Materials from the Northwest Room vault, which are sensitive and must be kept in a climate-controlled environment, will be held by Gonzaga University. The other 10,000 or so books and materials in the Northwest Room have been packed into boxes and will be kept in storage at the temporary STA Plaza location.
“It’s about the preserving of the material for us, it’s a safe place for us to store and ensure future access to those materials for the public,” said Andrew Chanse, executive director of the Spokane Public Library.
Gonzaga University has rare materials of its own, and built its own climate-controlled room with capacity for future growth.
That extra space came in handy for the Spokane Public Library, which reached out for help.
“The library community here is pretty close-knit, so it seemed like an obvious way to help our community,” said Paul Bracke, dean of library services at Gonzaga.
There were few other places locally for the library to turn, as such spaces are specialized.
“A lot of it is just the age and the condition of the materials. Older materials tend to be brittle,” Bracke said.

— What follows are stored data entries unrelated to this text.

lemma swap_unpinned_eq_self_iff:
  assumes "ys \<in> solutions \<Phi> K xs"
  shows "swap_unpinned \<Phi> K xs ys = ys \<longleftrightarrow> ys \<in> base_solutions \<Phi> K xs"
proof -
  let ?U = "unpinned \<Phi> (length xs) K"
  have ys: "length ys = K" "\<And>k. k < K \<Longrightarrow> ys ! k \<in> H7"
    using assms by (auto simp: solutions_def)
  have "swap_unpinned \<Phi> K xs ys = ys \<longleftrightarrow> (\<forall>k<K. length xs + k \<in> ?U \<longrightarrow> ys ! k = 3)"
    using ys by (auto simp: swap_unpinned_def list_eq_iff_nth_eq swap_pairs_eq_self_iff)
  also have "\<dots> \<longleftrightarrow> (\<forall>v\<in>?U. (xs @ ys) ! v = 3)"
  proof
    assume shifted: "\<forall>k<K. length xs + k \<in> ?U \<longrightarrow> ys ! k = 3"
    show "\<forall>v\<in>?U. (xs @ ys) ! v = 3"
    proof
      fix v assume "v \<in> ?U"
      then show "(xs @ ys) ! v = 3"
        using shifted[rule_format, of "v - length xs"] by (auto simp: unpinned_def nth_append)
    qed
  qed (metis nth_append_length_plus)
  finally show ?thesis using assms by (simp add: base_solutions_def)
qed

lemma base_solutions_unique:
  assumes "ys \<in> base_solutions \<Phi> K xs" "ys' \<in> base_solutions \<Phi> K xs"
  shows "ys = ys'"
proof (rule nth_equalityI)
  let ?\<sigma> = "\<lambda>v. (xs @ ys) ! v" and ?\<sigma>' = "\<lambda>v. (xs @ ys') ! v"
  show "length ys = length ys'" using assms by (simp add: base_solutions_def solutions_def)
  fix k assume k: "k < length ys"
  then have "k < K" using assms by (simp add: base_solutions_def solutions_def)
  have "?\<sigma> (length xs + k) = ?\<sigma>' (length xs + k)"
  proof (cases "length xs + k \<in> unpinned \<Phi> (length xs) K")
    case True
    moreover have "\<forall>v\<in>unpinned \<Phi> (length xs) K. ?\<sigma> v = 3 \<and> ?\<sigma>' v = 3"
      using assms unfolding base_solutions_def by blast
    ultimately show ?thesis by metis
  next
    case False
    then have pin: "pinned \<Phi> (length xs) (length xs + k)" using \<open>k < K\<close> by (simp add: in_unpinned_iff)
    have sat: "sat Hrels ?\<sigma> \<Phi>" "sat Hrels ?\<sigma>' \<Phi>"
      using assms by (simp_all add: base_solutions_def solutions_def)
    have "\<forall>j<length xs. ?\<sigma> j = ?\<sigma>' j \<or> ?\<sigma> j = ?\<sigma>' j" by (simp add: nth_append)
    from pinned_agree[OF pin sat(1) sat(2) sat(2) this] show ?thesis by (simp only: disj_absorb)
  qed
  then show "ys ! k = ys' ! k" by (simp add: nth_append)
qed

lemma finite_solutions: "finite (solutions \<Phi> K xs)"
  unfolding solutions_def by (rule finite_lists_length_eq_subset[OF finite_H7])

lemma odd_card_solutions_iff:
  assumes fv: "fvars \<Phi> \<subseteq> {..<length xs + K}"
  shows "odd (card (solutions \<Phi> K xs)) \<longleftrightarrow> base_solutions \<Phi> K xs \<noteq> {}"
proof -
  let ?S = "solutions \<Phi> K xs" and ?B = "base_solutions \<Phi> K xs"
  have moved: "{ys\<in>?S. swap_unpinned \<Phi> K xs ys \<noteq> ys} = ?S - ?B" and "?B \<subseteq> ?S"
    using swap_unpinned_eq_self_iff by (auto simp: base_solutions_def)
  have "finite ?B" using \<open>?B \<subseteq> ?S\<close> finite_solutions by (rule finite_subset)
  then have card_S: "card ?S = card (?S - ?B) + card ?B"
    using card_Diff_subset[OF _ \<open>?B \<subseteq> ?S\<close>] card_mono[OF finite_solutions \<open>?B \<subseteq> ?S\<close>] by simp
  have "even (card (?S - ?B))"
    using even_card_moved_by_involution[OF finite_solutions[of \<Phi> K xs], where f = "swap_unpinned \<Phi> K xs"]
      swap_unpinned_in_solutions[OF fv] moved by simp
  then have "odd (card ?S) \<longleftrightarrow> odd (card ?B)" using card_S by simp
  moreover have "card ?B \<le> 1"
    using base_solutions_unique card_le_Suc0_iff_eq[OF \<open>finite ?B\<close>] by auto
  then have "odd (card ?B) \<longleftrightarrow> ?B \<noteq> {}"
    using \<open>finite ?B\<close> by (cases "card ?B") (auto simp: card_eq_0_iff)
  ultimately show ?thesis by simp
qed

lemma clone2_H7_Hrels_base_solutions:
  assumes "clone2 H7 Hrels n S"
  obtains \<Phi> K where "fvars \<Phi> \<subseteq> {..<n + K}"
    and "S = {xs. length xs = n \<and> set xs \<subseteq> H7 \<and> base_solutions \<Phi> K xs \<noteq> {}}"
proof -
  obtain \<Phi> ks where fv: "fvars \<Phi> \<subseteq> {..<n + sum_list ks}"
    and S: "S = {xs. length xs = n \<and> set xs \<subseteq> H7 \<and> peval H7 Hrels \<Phi> ks xs}"
    using assms unfolding clone2_def by blast
  have "peval H7 Hrels \<Phi> ks xs \<longleftrightarrow> base_solutions \<Phi> (sum_list ks) xs \<noteq> {}" if "length xs = n" for xs
  proof -
    have "peval H7 Hrels \<Phi> ks xs \<longleftrightarrow> odd (card (solutions \<Phi> (sum_list ks) xs))"
      by (simp add: peval_iff_odd_card_sat[OF finite_H7] solutions_def)
    also have "\<dots> \<longleftrightarrow> base_solutions \<Phi> (sum_list ks) xs \<noteq> {}"
      using fv that by (simp add: odd_card_solutions_iff)
    finally show ?thesis .
  qed
  then show thesis using that[OF fv] S by blast
qed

Gonzaga is not charging the library for the use of its space. Though not accessible to the public, the materials will be available to Spokane Public Library staff if necessary.
When it reopens, the Northwest Room will have a collection that has been pared down to focus more specifically on the Inland Northwest.
Library officials have not yet specified what materials might be culled from the collection.
In the meantime, Dean will be tasked with continuing to digitize the Northwest Room’s materials, many of which already are available free online, including photographs from the history of the Inland Northwest with such highlights as Expo ’74 and the First National Indian Congress in 1925.